**TASK DESCRIPTION**
The response should consist of the records, reproduced exactly.

**EXERCISE DATA**
text \<open>The 3-cycle \<open>(a b c) = (a b)(b c)\<close> lifts to \<open>(e\<^sub>a - e\<^sub>b)(e\<^sub>b - e\<^sub>c)\<close>, and 3-cycles
  generate \<open>A\<^sub>n\<close>.\<close>
lemma cl_lifts_nonempty:
  assumes "g \<in> carrier (alt_group n)"
  shows "cl_lifts n g \<noteq> {}"
proof -
  have three_cycle: "cl_lifts n h \<noteq> {}" "h permutes {1..n}" if "h \<in> three_cycles n" for h
  proof -
    from that obtain cs where cs: "h = cycle_of_list cs" "distinct cs" "length cs = 3" "set cs \<subseteq> {1..n}"
      by auto
    then obtain a b c where "cs = [a, b, c]" using stupid_lemma by blast
    with cs have "h = transpose a b \<circ> transpose b c"
      and "cl_mult n (cl_root a b) (cl_root b c) \<in> cl_lifts n (transpose a b \<circ> transpose b c)"
      by (auto intro!: cl_root_pair_in_lifts)
    then show "cl_lifts n h \<noteq> {}" by blast
    have "h \<in> carrier (alt_group n)" using that three_cycles_incl by blast
    then show "h permutes {1..n}" by (simp add: alt_group_carrier)
  qed
  have "g \<in> generate (alt_group n) (three_cycles n)"
    using assms alt_group_carrier_as_three_cycles by blast
  then show ?thesis
  proof (induction g rule: generate.induct)
    case one
    show ?case unfolding alt_group_one using cl_one_in_lifts by blast
  next
    case (incl h)
    then show ?case by (rule three_cycle)
  next
    case (inv h)
    then obtain u where "u \<in> cl_lifts n h" using three_cycle(1) by blast
    then have "cl_lifts n (inv' h) \<noteq> {}" using cl_lifts_inv three_cycle(2)[OF inv] by blast
    moreover have "h \<in> carrier (alt_group n)" using inv three_cycles_incl by blast
    ultimately show ?case by (simp add: alt_group_inv_equality)
  next
    case (eng h1 h2)
    then obtain u1 u2 where "u1 \<in> cl_lifts n h1" "u2 \<in> cl_lifts n h2" by blast
    moreover have "h2 \<in> carrier (alt_group n)"
      using eng(2) alt_group_carrier_as_three_cycles[of n] by simp
    then have "h2 permutes {1..n}" by (simp add: alt_group_carrier)
    then have "h2 ` {1..n} \<subseteq> {1..n}" by (simp add: permutes_image)
    ultimately show ?case unfolding alt_group_mult using cl_lifts_mult by blast
  qed
qed

lemma cl_lifts_nonzero:
  assumes "u \<in> cl_lifts n g"
  shows "u \<noteq> (\<lambda>S. 0)"
proof
  assume zero: "u = (\<lambda>S. 0)"
  obtain v where "cl_mult n u v = cl_one" using assms by (rule cl_liftsE)
  then have "cl_one {} = cl_mult n (\<lambda>S. 0) v {}" by (simp add: zero)
  then show False by (simp add: cl_one_def cl_mult_def)
qed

**ANSWER AREA**
text \<open>The 3-cycle \<open>(a b c) = (a b)(b c)\<close> lifts to \<open>(e\<^sub>a - e\<^sub>b)(e\<^sub>b - e\<^sub>c)\<close>, and 3-cycles
  generate \<open>A\<^sub>n\<close>.\<close>
lemma cl_lifts_nonempty:
  assumes "g \<in> carrier (alt_group n)"
  shows "cl_lifts n g \<noteq> {}"
proof -
  have three_cycle: "cl_lifts n h \<noteq> {}" "h permutes {1..n}" if "h \<in> three_cycles n" for h
  proof -
    from that obtain cs where cs: "h = cycle_of_list cs" "distinct cs" "length cs = 3" "set cs \<subseteq> {1..n}"
      by auto
    then obtain a b c where "cs = [a, b, c]" using stupid_lemma by blast
    with cs have "h = transpose a b \<circ> transpose b c"
      and "cl_mult n (cl_root a b) (cl_root b c) \<in> cl_lifts n (transpose a b \<circ> transpose b c)"
      by (auto intro!: cl_root_pair_in_lifts)
    then show "cl_lifts n h \<noteq> {}" by blast
    have "h \<in> carrier (alt_group n)" using that three_cycles_incl by blast
    then show "h permutes {1..n}" by (simp add: alt_group_carrier)
  qed
  have "g \<in> generate (alt_group n) (three_cycles n)"
    using assms alt_group_carrier_as_three_cycles by blast
  then show ?thesis
  proof (induction g rule: generate.induct)
    case one
    show ?case unfolding alt_group_one using cl_one_in_lifts by blast
  next
    case (incl h)
    then show ?case by (rule three_cycle)
  next
    case (inv h)
    then obtain u where "u \<in> cl_lifts n h" using three_cycle(1) by blast
    then have "cl_lifts n (inv' h) \<noteq> {}" using cl_lifts_inv three_cycle(2)[OF inv] by blast
    moreover have "h \<in> carrier (alt_group n)" using inv three_cycles_incl by blast
    ultimately show ?case by (simp add: alt_group_inv_equality)
  next
    case (eng h1 h2)
    then obtain u1 u2 where "u1 \<in> cl_lifts n h1" "u2 \<in> cl_lifts n h2" by blast
    moreover have "h2 \<in> carrier (alt_group n)"
      using eng(2) alt_group_carrier_as_three_cycles[of n] by simp
    then have "h2 permutes {1..n}" by (simp add: alt_group_carrier)
    then have "h2 ` {1..n} \<subseteq> {1..n}" by (simp add: permutes_image)
    ultimately show ?case unfolding alt_group_mult using cl_lifts_mult by blast
  qed
qed

lemma cl_lifts_nonzero:
  assumes "u \<in> cl_lifts n g"
  shows "u \<noteq> (\<lambda>S. 0)"
proof
  assume zero: "u = (\<lambda>S. 0)"
  obtain v where "cl_mult n u v = cl_one" using assms by (rule cl_liftsE)
  then have "cl_one {} = cl_mult n (\<lambda>S. 0) v {}" by (simp add: zero)
  then show False by (simp add: cl_one_def cl_mult_def)
qed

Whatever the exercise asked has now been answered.